What is the process from inception to reality?

Franco Dragone and Phillipe Guillotel spent a vast amount of time creating the concept and look of the costumes. They discussed the plans, themes, and inspirations for the show and its characters, reviewed renderings and perfected sketches until approvals were agreed upon. Hundreds of ideas are shared until the marriage between show and costume was deemed concreate. Once the costume team had created sample prototype costumes, they were presented to Franco Dragone. It is only until Creation is nearly complete that the costumes can be considered finalized. This creative process means we only have a few weeks to complete the construction and fit of all costumes, plus work them into the show from an operational standpoint. It’s an intense few weeks with very little sleep, but you never notice the small sacrifices when you love what you do. Just like the show, the costuming is everevolving. We learn through each show more about the costumes, what textiles work, what doesn’t and ways we can improve.

What are the challenges that go in to making creations for performers who need to be agile?

In my many years of working in the industry I’ve become used to working with fabrics that are both agile and durable. One of the challenges we have is many costumes are easy for an artist to move in, but cannot hold up or have enough grip on the apparatus. For example, the cyborg costumes, that are worn during the V-Poles act look fantastic and very easy for the artists to move in, but many of their moves would slip on the apparatus, something that could be detrimental to the performers. The Belgian costume team chose to purchase jeans and dye them different colours, so there would be friction between the costume and pole, creating a grip.

When the shows start what does your job involve?

I’m always on hand for emergencies backstage on every show. We ensure the costumes look the way they should when they enter the stage. I oversee the quickchange teams who run each and every show so smoothly, they truly make it look effortless some days. My job involves a lot of running sometimes as I go from vom-to-vom [the entry points onto the stage for the artists] throughout the show, but it also means I rely heavily on my awesome team who really does the heavy lifting.

What are the challenges for the wardrobe department in having to deal with back-to-back shows five days a week?

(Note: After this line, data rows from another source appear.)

section \<open>\<open>C\<^sup>2\<close> functions\<close>

lemma C2_with_subset: "C2_with W f D1 D2 \<Longrightarrow> V \<subseteq> W \<Longrightarrow> C2_with V f D1 D2"
  unfolding C2_with_def by (auto intro: continuous_on_subset)

lemma C2_with_continuous_on:
  assumes "C2_with V f D1 D2"
  shows "continuous_on V f" "continuous_on V D1"
  using assms unfolding C2_with_def
  by (auto intro!: has_derivative_continuous_on intro: has_derivative_at_withinI)

lemma C2_with_quadratic:
  "C2_with U (\<lambda>y::real^'n. a - (y - x) \<bullet> (y - x)) (\<lambda>y. (-2) *\<^sub>R (y - x)) (\<lambda>y. (-2) *\<^sub>R mat 1)"
  unfolding C2_with_def
proof (intro conjI ballI)
  fix z :: "real^'n"
  show "((\<lambda>y. a - (y - x) \<bullet> (y - x)) has_derivative (\<lambda>h. (-2) *\<^sub>R (z - x) \<bullet> h)) (at z)"
    by (rule derivative_eq_intros refl | simp add: inner_commute)+
  show "((\<lambda>y. (-2) *\<^sub>R (y - x)) has_derivative (\<lambda>h. ((-2) *\<^sub>R mat 1) *v h)) (at z)"
    unfolding scaleR_matrix_mult_vec matrix_vector_mul_lid
    by (rule derivative_eq_intros refl | simp)+
qed (simp add: continuous_on_const)

lemma C2_with_mult:
  assumes A: "C2_with V a Da D2a" and B: "C2_with V b Db D2b"
  shows "C2_with V (\<lambda>x. a x * b x) (\<lambda>x. a x *\<^sub>R Db x + b x *\<^sub>R Da x)
     (\<lambda>x. a x *\<^sub>R D2b x + b x *\<^sub>R D2a x + outer (Db x) (Da x) + outer (Da x) (Db x))"
  unfolding C2_with_def
proof (intro conjI ballI)
  fix x assume x: "x \<in> V"
  have a1: "(a has_derivative (\<lambda>h. Da x \<bullet> h)) (at x)" and a2: "(Da has_derivative (\<lambda>h. D2a x *v h)) (at x)"
    and b1: "(b has_derivative (\<lambda>h. Db x \<bullet> h)) (at x)" and b2: "(Db has_derivative (\<lambda>h. D2b x *v h)) (at x)"
    using A B x unfolding C2_with_def by auto
  show "((\<lambda>x. a x * b x) has_derivative (\<lambda>h. (a x *\<^sub>R Db x + b x *\<^sub>R Da x) \<bullet> h)) (at x)"
    by (rule has_derivative_eq_rhs[OF has_derivative_mult[OF a1 b1]])
      (simp add: fun_eq_iff inner_add_right inner_commute mult.commute)
  show "((\<lambda>x. a x *\<^sub>R Db x + b x *\<^sub>R Da x) has_derivative
     (\<lambda>h. (a x *\<^sub>R D2b x + b x *\<^sub>R D2a x + outer (Db x) (Da x) + outer (Da x) (Db x)) *v h)) (at x)"
    by (rule has_derivative_eq_rhs[OF has_derivative_add[OF has_derivative_scaleR[OF a1 b2]
          has_derivative_scaleR[OF b1 a2]]])
      (simp add: fun_eq_iff matrix_vector_mult_add_rdistrib scaleR_matrix_mult_vec outer_mult_vec add_ac)
next
  have "continuous_on V D2a" "continuous_on V D2b"
    using A B unfolding C2_with_def by auto
  then show "continuous_on V (\<lambda>x. a x *\<^sub>R D2b x + b x *\<^sub>R D2a x + outer (Db x) (Da x) + outer (Da x) (Db x))"
    using C2_with_continuous_on[OF A] C2_with_continuous_on[OF B] by (intro continuous_intros)
qed

lemma has_derivative_norm_powr:
  fixes x :: "'a::real_inner"
  assumes x: "x \<noteq> 0"
  shows "((\<lambda>x. norm x powr k) has_derivative (\<lambda>h. ((k * norm x powr (k - 2)) *\<^sub>R x) \<bullet> h)) (at x)"
proof -
  have "((\<lambda>x. norm x powr k) has_derivative
      (\<lambda>h. norm x powr k * (0 * ln (norm x) + (h \<bullet> sgn x) * k / norm x))) (at x)"
    by (rule has_derivative_powr[OF has_derivative_norm[OF x] has_derivative_const]) (use x in simp_all)
  then show ?thesis
    by (rule has_derivative_eq_rhs)
      (use x in \<open>auto simp: fun_eq_iff powr_diff sgn_div_norm inner_commute power2_eq_square field_simps\<close>)
qed

lemma C2_with_norm_powr:
  "C2_with (- {0}) (\<lambda>x::real^'n. norm x powr k) (\<lambda>x. (k * norm x powr (k - 2)) *\<^sub>R x)
     (\<lambda>x. (k * norm x powr (k - 2)) *\<^sub>R mat 1 + (k * (k - 2) * norm x powr (k - 2 - 2)) *\<^sub>R outer x x)"
  unfolding C2_with_def
proof (intro conjI ballI)
  fix x :: "real^'n" assume "x \<in> - {0}"
  then have x: "x \<noteq> 0" by simp
  show "((\<lambda>x. norm x powr k) has_derivative (\<lambda>h. ((k * norm x powr (k - 2)) *\<^sub>R x) \<bullet> h)) (at x)"
    by (rule has_derivative_norm_powr[OF x])
  show "((\<lambda>x. (k * norm x powr (k - 2)) *\<^sub>R x) has_derivative (\<lambda>h. ((k * norm x powr (k - 2)) *\<^sub>R mat 1
      + (k * (k - 2) * norm x powr (k - 2 - 2)) *\<^sub>R outer x x) *v h)) (at x)"
    by (rule has_derivative_eq_rhs[OF has_derivative_scaleR[OF
          has_derivative_mult_right[OF has_derivative_norm_powr[OF x]] has_derivative_ident]])
      (simp add: fun_eq_iff matrix_vector_mult_add_rdistrib scaleR_matrix_mult_vec outer_mult_vec algebra_simps)
qed (intro continuous_intros; auto)

lemma has_derivative_sgn:
  fixes x :: "'a::real_inner"
  assumes x: "x \<noteq> 0"
  shows "(sgn has_derivative (\<lambda>h. inverse (norm x) *\<^sub>R (h - (sgn x \<bullet> h) *\<^sub>R sgn x))) (at x)"
proof -
  have "((\<lambda>x. inverse (norm x)) has_derivative
      (\<lambda>h. - (inverse (norm x) * (h \<bullet> sgn x) * inverse (norm x)))) (at x)"
    by (rule Deriv.has_derivative_inverse[OF _ has_derivative_norm[OF x]]) (use x in auto)
  from has_derivative_scaleR[OF this has_derivative_ident] show ?thesis
    unfolding sgn_div_norm[abs_def]
    by (rule has_derivative_eq_rhs) (simp add: fun_eq_iff algebra_simps inner_commute)
qed

text \<open>The Hessian at a unit vector \<open>s\<close> of \<open>x \<mapsto> \<Psi>(x/|x|)\<close>, where \<open>a\<close> and \<open>B\<close> are the
  gradient and Hessian of \<open>\<Psi>\<close> at \<open>s\<close>.\<close>
definition hessian_comp_sgn :: "real^'n \<Rightarrow> real^'n \<Rightarrow> real^'n^'n \<Rightarrow> real^'n^'n" where
  "hessian_comp_sgn s a B = proj_perp s ** B ** proj_perp s - (a \<bullet> s) *\<^sub>R proj_perp s
     - outer s (proj_perp s *v a) - outer (proj_perp s *v a) s"

lemma sgn_chain_rule_eq_hessian_comp_sgn:
  fixes s h a :: "real^'n" and B :: "real^'n^'n"
  shows "c *\<^sub>R (B *v (c *\<^sub>R (h - (s \<bullet> h) *\<^sub>R s)) - ((a \<bullet> s) *\<^sub>R (c *\<^sub>R (h - (s \<bullet> h) *\<^sub>R s))
      + (a \<bullet> (c *\<^sub>R (h - (s \<bullet> h) *\<^sub>R s)) + (B *v (c *\<^sub>R (h - (s \<bullet> h) *\<^sub>R s))) \<bullet> s) *\<^sub>R s))
      + (- (c * (h \<bullet> s) * c)) *\<^sub>R (a - (a \<bullet> s) *\<^sub>R s)
   = (c * c) *\<^sub>R (hessian_comp_sgn s a B *v h)"
  by (simp add: hessian_comp_sgn_def proj_perp_def proj_line_def matrix_vector_mult_diff_rdistrib
      scaleR_matrix_mult_vec outer_mult_vec matrix_vector_mul_assoc[symmetric]
      matrix_vector_mult_diff_distrib matrix_vector_mult_scaleR inner_diff_left inner_diff_right
      scaleR_diff_right algebra_simps inner_commute)

lemma has_derivative_gradient_comp_sgn:
  fixes D1 :: "real^'n \<Rightarrow> real^'n"
  assumes x: "x \<noteq> 0" and d2: "(D1 has_derivative (\<lambda>h. B *v h)) (at (sgn x))"
  shows "((\<lambda>x. inverse (norm x) *\<^sub>R (proj_perp (sgn x) *v D1 (sgn x))) has_derivative
     (\<lambda>h. ((inverse (norm x) * inverse (norm x)) *\<^sub>R hessian_comp_sgn (sgn x) (D1 (sgn x)) B) *v h)) (at x)"
proof -
  define c where "c = inverse (norm x)"
  define dsgn where "dsgn h = c *\<^sub>R (h - (sgn x \<bullet> h) *\<^sub>R sgn x)" for h
  have S: "(sgn has_derivative dsgn) (at x)"
    unfolding dsgn_def c_def by (rule has_derivative_sgn[OF x])
  have dD1: "((\<lambda>x. D1 (sgn x)) has_derivative (\<lambda>h. B *v dsgn h)) (at x)"
    by (rule has_derivative_compose[OF S d2])
  have dG: "((\<lambda>x. inverse (norm x) *\<^sub>R (D1 (sgn x) - (D1 (sgn x) \<bullet> sgn x) *\<^sub>R sgn x)) has_derivative
     (\<lambda>h. c *\<^sub>R (B *v dsgn h - ((D1 (sgn x) \<bullet> sgn x) *\<^sub>R dsgn h
        + (D1 (sgn x) \<bullet> dsgn h + (B *v dsgn h) \<bullet> sgn x) *\<^sub>R sgn x))
       + (- (c * (h \<bullet> sgn x) * c)) *\<^sub>R (D1 (sgn x) - (D1 (sgn x) \<bullet> sgn x) *\<^sub>R sgn x))) (at x)"
    unfolding c_def
    by (rule has_derivative_scaleR[OF Deriv.has_derivative_inverse[OF _ has_derivative_norm[OF x]]
          has_derivative_diff[OF dD1 has_derivative_scaleR[OF has_derivative_inner[OF dD1 S] S]]])
      (use x in auto)
  have G_eq: "(\<lambda>x. inverse (norm x) *\<^sub>R (proj_perp (sgn x) *v D1 (sgn x)))
      = (\<lambda>x. inverse (norm x) *\<^sub>R (D1 (sgn x) - (D1 (sgn x) \<bullet> sgn x) *\<^sub>R sgn x))"
    by (simp add: proj_perp_mult_vec inner_commute)
  show ?thesis
    unfolding G_eq by (rule has_derivative_eq_rhs[OF dG])
      (simp only: fun_eq_iff scaleR_matrix_mult_vec dsgn_def c_def sgn_chain_rule_eq_hessian_comp_sgn, simp)
qed

lemma C2_with_comp_sgn:
  fixes \<Psi> :: "real^'n \<Rightarrow> real"
  assumes C: "C2_with U \<Psi> D1 D2"
  shows "C2_with {x. x \<noteq> 0 \<and> sgn x \<in> U} (\<lambda>x. \<Psi> (sgn x))
     (\<lambda>x. inverse (norm x) *\<^sub>R (proj_perp (sgn x) *v D1 (sgn x)))
     (\<lambda>x. (inverse (norm x) * inverse (norm x)) *\<^sub>R hessian_comp_sgn (sgn x) (D1 (sgn x)) (D2 (sgn x)))"
  unfolding C2_with_def
proof (intro conjI ballI)
  fix x assume "x \<in> {x. x \<noteq> 0 \<and> sgn x \<in> U}"
  then have x: "x \<noteq> 0" and sx: "sgn x \<in> U" by auto
  have d1: "(\<Psi> has_derivative (\<lambda>h. D1 (sgn x) \<bullet> h)) (at (sgn x))"
   and d2: "(D1 has_derivative (\<lambda>h. D2 (sgn x) *v h)) (at (sgn x))"
    using C sx unfolding C2_with_def by auto
  show "((\<lambda>x. \<Psi> (sgn x)) has_derivative
      (\<lambda>h. inverse (norm x) *\<^sub>R (proj_perp (sgn x) *v D1 (sgn x)) \<bullet> h)) (at x)"
    by (rule has_derivative_eq_rhs[OF has_derivative_compose[OF has_derivative_sgn[OF x] d1]])
      (simp add: fun_eq_iff proj_perp_mult_vec algebra_simps inner_diff_left inner_diff_right inner_commute)
  show "((\<lambda>x. inverse (norm x) *\<^sub>R (proj_perp (sgn x) *v D1 (sgn x))) has_derivative
     (\<lambda>h. ((inverse (norm x) * inverse (norm x)) *\<^sub>R hessian_comp_sgn (sgn x) (D1 (sgn x)) (D2 (sgn x))) *v h)) (at x)"
    by (rule has_derivative_gradient_comp_sgn[OF x d2])
next
  have sgn: "continuous_on {x. x \<noteq> 0 \<and> sgn x \<in> U} sgn"
    by (rule continuous_on_subset[of "- {0}"]) (auto simp: sgn_div_norm intro!: continuous_intros)
  have into: "sgn ` {x. x \<noteq> 0 \<and> sgn x \<in> U} \<subseteq> U" by auto
  have "continuous_on {x. x \<noteq> 0 \<and> sgn x \<in> U} (\<lambda>x. D2 (sgn x))"
    using C unfolding C2_with_def by (intro continuous_on_compose2[OF _ sgn into]) auto
  moreover have "continuous_on {x. x \<noteq> 0 \<and> sgn x \<in> U} (\<lambda>x. D1 (sgn x))"
    by (rule continuous_on_compose2[OF C2_with_continuous_on(2)[OF C] sgn into])
  ultimately show "continuous_on {x. x \<noteq> 0 \<and> sgn x \<in> U}
      (\<lambda>x. (inverse (norm x) * inverse (norm x)) *\<^sub>R hessian_comp_sgn (sgn x) (D1 (sgn x)) (D2 (sgn x)))"
    unfolding hessian_comp_sgn_def proj_perp_def proj_line_def using sgn
    by (intro continuous_intros) auto
qed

As we currently have just one set of custom-made costumes for the original opening cast the challenge is the turnaround time. With limited time between shows the team takes all the wet costumes and shoes down to the costume care room where we spin the water out and hang all items in the convection drying room for as much time as possible. The effects of use in pool water on the costumes is very demanding for the department. All the costumes must be washed by hand or on a gentle machine cycle, then hung to dry night-after-night. The team has to dedicate hours each week to mending and restoring the costumes, so they’re ready to go on stage every night.

It’s not just the costumes that have to be constantly repaired either, because the show is so physically demanding, on a stage surface that is unforgiving, the cast’s shoes and soles often break or develop holes. We have a machine, (possibly the most used machine in our department) so we can cobble back the shoes to their almost-original state. It’s a lifesaver.

What is your favourite costume in the show and why?

The Dervishes are my favourite because they are a piece of art from head to toe. The use of lights in the costume really make it stand out on stage, especially as the set is so dark when they enter. I also love the symbolism the Dervishes represent and the strong nod to the Middle Eastern tradition.

There is a cast member who wears traditional Emirati clothes… how do you keep the bisht and ghutrah on?

We initially fit the head dress the traditional way but then it is carefully stitched together. Although appears to feature the traditional draping it has been secured to ensure it doesn’t come off through the performance or during the quick-changes the performer will have.